In the column Sex, M, F, and I represent male, female, and infant, respectively. Nevertheless, we will ignore this feature, and only consider physical (measurable) features in order to infer ages.

As described in the dataset documentation, the age of an Abalone is given as Rings + 1.5 (and that’s the label we want to estimate). Therefore, let’s add an Age label to our dataset:

In [11]:

abalone_df['Age'] = abalone_df['Rings'] + 1.5

2. Model fitting¶

Let’s use Scikit-learn to split the dataset in training set and testing set:

In [12]:

from sklearn.model_selection import train_test_split

In [13]:

X_train, X_test, y_train, y_test = train_test_split(abalone_df.loc[:, 'Length':'Shell weight'],
                                                    abalone_df['Age'], test_size=.3)

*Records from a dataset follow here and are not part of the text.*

(* For every integer $n\ge 1$, let $s(n)$ denote the smallest integer $m$ such that for every $n$-state 1gQFA $Q$ over a finite alphabet $\Sigma$ and every strict cutpoint $\lambda\in[0,1)$ there exist a one-way PFA $P$ over $\Sigma$ with at most $m$ states and a strict cutpoint $\mu\in[0,1)$ with $L(P,\mu)=L(Q,\lambda)$. Then $s(n)=\Theta(n^2)$; that is, the worst-case number of probabilistic states required to simulate an $n$-state 1gQFA exactly under strict cutpoint semantics is $\Theta(n^2)$.
   Context: Let $\Sigma$ be a finite alphabet and $\Sigma^\ast$ the set of finite words over it. Probabilistic computations are written with row vectors; stochastic matrices act on the right. A one-way PFA (probabilistic finite automaton, end-marker model) over $\Sigma$ is a tuple $P=(S,\Sigma,\pi,\{P_\sigma\}_{\sigma\in\Sigma},P_{\#},F)$, where $S$ is a finite state set (its number of states is $|S|$), $\pi$ is an initial probability distribution (row vector) on $S$, each $P_\sigma$ and $P_\#$ are row-stochastic $|S|\times|S|$ matrices, and $F\subseteq S$. For $w=\sigma_1\cdots\sigma_m$, $f_P(w)=\pi P_{\sigma_1}\cdots P_{\sigma_m}P_\#\mathbf 1_F$, where $\mathbf 1_F$ is the indicator column vector of $F$. For $\mu\in[0,1)$, $L(P,\mu)=\{w\in\Sigma^\ast: f_P(w)>\mu\}$. An $n$-state 1gQFA (measure-once one-way general quantum finite automaton) over $\Sigma$ is a tuple $Q=(\mathcal H,\Sigma,\rho_0,\{\mathcal E_\sigma\}_{\sigma\in\Sigma},P_{\mathrm{acc}})$ where $\mathcal H\cong\mathbb C^n$, $\rho_0$ is a density operator on $\mathcal H$, each $\mathcal E_\sigma$ is a completely positive trace-preserving map on the operators on $\mathcal H$, and $P_{\mathrm{acc}}$ is an orthogonal projector on $\mathcal H$. For $w=\sigma_1\cdots\sigma_m$, $\rho_w=\mathcal E_{\sigma_m}\circ\cdots\circ\mathcal E_{\sigma_1}(\rho_0)$ and $f_Q(w)=\operatorname{Tr}(P_{\mathrm{acc}}\rho_w)$. For $\lambda\in[0,1)$, $L(Q,\lambda)=\{w\in\Sigma^\ast: f_Q(w)>\lambda\}$. *)

theory Defs
  imports Complex_Main "HOL-Library.Landau_Symbols"
begin

text \<open>Alphabets are finite sets of natural numbers (every finite
alphabet is in bijection with one).
A machine with k states / a k-dimensional Hilbert space uses the index set
{0..<k}; vectors are functions nat => _ and matrices are functions
nat => nat => _, of which only the entries with indices below k matter.\<close>

definition stoch_vec :: "nat \<Rightarrow> (nat \<Rightarrow> real) \<Rightarrow> bool" where
  "stoch_vec k v \<longleftrightarrow> (\<forall>i<k. 0 \<le> v i) \<and> (\<Sum>i<k. v i) = 1"

definition stoch_mat :: "nat \<Rightarrow> (nat \<Rightarrow> nat \<Rightarrow> real) \<Rightarrow> bool" where
  "stoch_mat k M \<longleftrightarrow> (\<forall>i<k. stoch_vec k (M i))"

definition vec_mat :: "nat \<Rightarrow> (nat \<Rightarrow> real) \<Rightarrow> (nat \<Rightarrow> nat \<Rightarrow> real) \<Rightarrow> nat \<Rightarrow> real" where
  "vec_mat k v M = (\<lambda>j. \<Sum>i<k. v i * M i j)"

definition is_pfa :: "nat \<Rightarrow> nat set \<Rightarrow> (nat \<Rightarrow> real) \<Rightarrow> (nat \<Rightarrow> nat \<Rightarrow> nat \<Rightarrow> real)
    \<Rightarrow> (nat \<Rightarrow> nat \<Rightarrow> real) \<Rightarrow> nat set \<Rightarrow> bool" where
  "is_pfa k Alph ini T Te F \<longleftrightarrow>
     stoch_vec k ini \<and> (\<forall>\<sigma>\<in>Alph. stoch_mat k (T \<sigma>)) \<and> stoch_mat k Te \<and> F \<subseteq> {..<k}"

definition pfa_prob :: "nat \<Rightarrow> (nat \<Rightarrow> real) \<Rightarrow> (nat \<Rightarrow> nat \<Rightarrow> nat \<Rightarrow> real)
    \<Rightarrow> (nat \<Rightarrow> nat \<Rightarrow> real) \<Rightarrow> nat set \<Rightarrow> nat list \<Rightarrow> real" where
  "pfa_prob k ini T Te F w =
     (let v = vec_mat k (foldl (\<lambda>u \<sigma>. vec_mat k u (T \<sigma>)) ini w) Te in \<Sum>j\<in>F. v j)"

definition pfa_lang :: "nat \<Rightarrow> nat set \<Rightarrow> (nat \<Rightarrow> real) \<Rightarrow> (nat \<Rightarrow> nat \<Rightarrow> nat \<Rightarrow> real)
    \<Rightarrow> (nat \<Rightarrow> nat \<Rightarrow> real) \<Rightarrow> nat set \<Rightarrow> real \<Rightarrow> nat list set" where
  "pfa_lang k Alph ini T Te F \<mu> = {w. set w \<subseteq> Alph \<and> pfa_prob k ini T Te F w > \<mu>}"

type_synonym cmat = "nat \<Rightarrow> nat \<Rightarrow> complex"

definition mat_eq :: "nat \<Rightarrow> cmat \<Rightarrow> cmat \<Rightarrow> bool" where
  "mat_eq n A B \<longleftrightarrow> (\<forall>i<n. \<forall>j<n. A i j = B i j)"

definition cmat_mult :: "nat \<Rightarrow> cmat \<Rightarrow> cmat \<Rightarrow> cmat" where
  "cmat_mult n A B = (\<lambda>i j. \<Sum>l<n. A i l * B l j)"

definition ctrace :: "nat \<Rightarrow> cmat \<Rightarrow> complex" where
  "ctrace n A = (\<Sum>i<n. A i i)"

definition hermitian :: "nat \<Rightarrow> cmat \<Rightarrow> bool" where
  "hermitian n A \<longleftrightarrow> (\<forall>i<n. \<forall>j<n. A i j = cnj (A j i))"

definition psd :: "nat \<Rightarrow> cmat \<Rightarrow> bool" where
  "psd n A \<longleftrightarrow> (\<forall>x :: nat \<Rightarrow> complex.
      let q = (\<Sum>i<n. \<Sum>j<n. cnj (x i) * A i j * x j) in Im q = 0 \<and> 0 \<le> Re q)"

definition density :: "nat \<Rightarrow> cmat \<Rightarrow> bool" where
  "density n \<rho> \<longleftrightarrow> psd n \<rho> \<and> ctrace n \<rho> = 1"

definition projector :: "nat \<Rightarrow> cmat \<Rightarrow> bool" where
  "projector n P \<longleftrightarrow> hermitian n P \<and> mat_eq n (cmat_mult n P P) P"

text \<open>The ampliation id_m (x) E acting on an (m*n)x(m*n) matrix, where index
a corresponds to the pair (a div n, a mod n) in {0..<m} x {0..<n}.\<close>
definition ampl :: "nat \<Rightarrow> (cmat \<Rightarrow> cmat) \<Rightarrow> cmat \<Rightarrow> cmat" where
  "ampl n E X = (\<lambda>a b. E (\<lambda>i j. X ((a div n) * n + i) ((b div n) * n + j)) (a mod n) (b mod n))"

definition cptp :: "nat \<Rightarrow> (cmat \<Rightarrow> cmat) \<Rightarrow> bool" where
  "cptp n E \<longleftrightarrow>
     (\<forall>A B. mat_eq n A B \<longrightarrow> mat_eq n (E A) (E B)) \<and>
     (\<forall>c A B. mat_eq n (E (\<lambda>i j. c * A i j + B i j)) (\<lambda>i j. c * E A i j + E B i j)) \<and>
     (\<forall>m X. psd (m * n) X \<longrightarrow> psd (m * n) (ampl n E X)) \<and>
     (\<forall>A. ctrace n (E A) = ctrace n A)"

definition is_gqfa :: "nat \<Rightarrow> nat set \<Rightarrow> cmat \<Rightarrow> (nat \<Rightarrow> cmat \<Rightarrow> cmat) \<Rightarrow> cmat \<Rightarrow> bool" where
  "is_gqfa n Alph \<rho>0 E Pacc \<longleftrightarrow>
     density n \<rho>0 \<and> (\<forall>\<sigma>\<in>Alph. cptp n (E \<sigma>)) \<and> projector n Pacc"

definition gqfa_prob :: "nat \<Rightarrow> cmat \<Rightarrow> (nat \<Rightarrow> cmat \<Rightarrow> cmat) \<Rightarrow> cmat \<Rightarrow> nat list \<Rightarrow> real" where
  "gqfa_prob n \<rho>0 E Pacc w =
     Re (ctrace n (cmat_mult n Pacc (foldl (\<lambda>\<rho> \<sigma>. E \<sigma> \<rho>) \<rho>0 w)))"

definition gqfa_lang :: "nat \<Rightarrow> nat set \<Rightarrow> cmat \<Rightarrow> (nat \<Rightarrow> cmat \<Rightarrow> cmat) \<Rightarrow> cmat \<Rightarrow> real \<Rightarrow> nat list set" where
  "gqfa_lang n Alph \<rho>0 E Pacc lam = {w. set w \<subseteq> Alph \<and> gqfa_prob n \<rho>0 E Pacc w > lam}"

definition simulates_all :: "nat \<Rightarrow> nat \<Rightarrow> bool" where
  "simulates_all n m \<longleftrightarrow>
     (\<forall>Alph \<rho>0 E Pacc lam. finite Alph \<and> is_gqfa n Alph \<rho>0 E Pacc \<and> 0 \<le> lam \<and> lam < 1 \<longrightarrow>
        (\<exists>k ini T Te F \<mu>. k \<le> m \<and> is_pfa k Alph ini T Te F \<and> 0 \<le> \<mu> \<and> \<mu> < 1 \<and>
            pfa_lang k Alph ini T Te F \<mu> = gqfa_lang n Alph \<rho>0 E Pacc lam))"

definition s_cost :: "nat \<Rightarrow> nat" where
  "s_cost n = (LEAST m. simulates_all n m)"

end

theory Submission
  imports Defs
begin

Now, let’s import the objective function L2Norm and the model LinearModel from macaw:

In [14]:

from macaw.objective_functions import L2Norm
from macaw.models import LinearModel

See https://mirca.github.io/macaw/api/objective_functions.html#macaw.objective_functions for documentation.

Let’s instantiate an object from LinearModel and from L2Norm passing the labels y_train to the objective function and the features X_train to the LinearModel:

In [15]:

l2norm = L2Norm(y=np.array(y_train, dtype=float), model=LinearModel(np.array(X_train, dtype=float)))

Let’s use the method fit to get the maximum likelihood weights.

Note that we need to pass an initial estimate for the linear weights and bias of the ``LinearModel``:

In [16]:

res = l2norm.fit(x0=np.zeros(X_train.shape[1] + 1), ftol=0)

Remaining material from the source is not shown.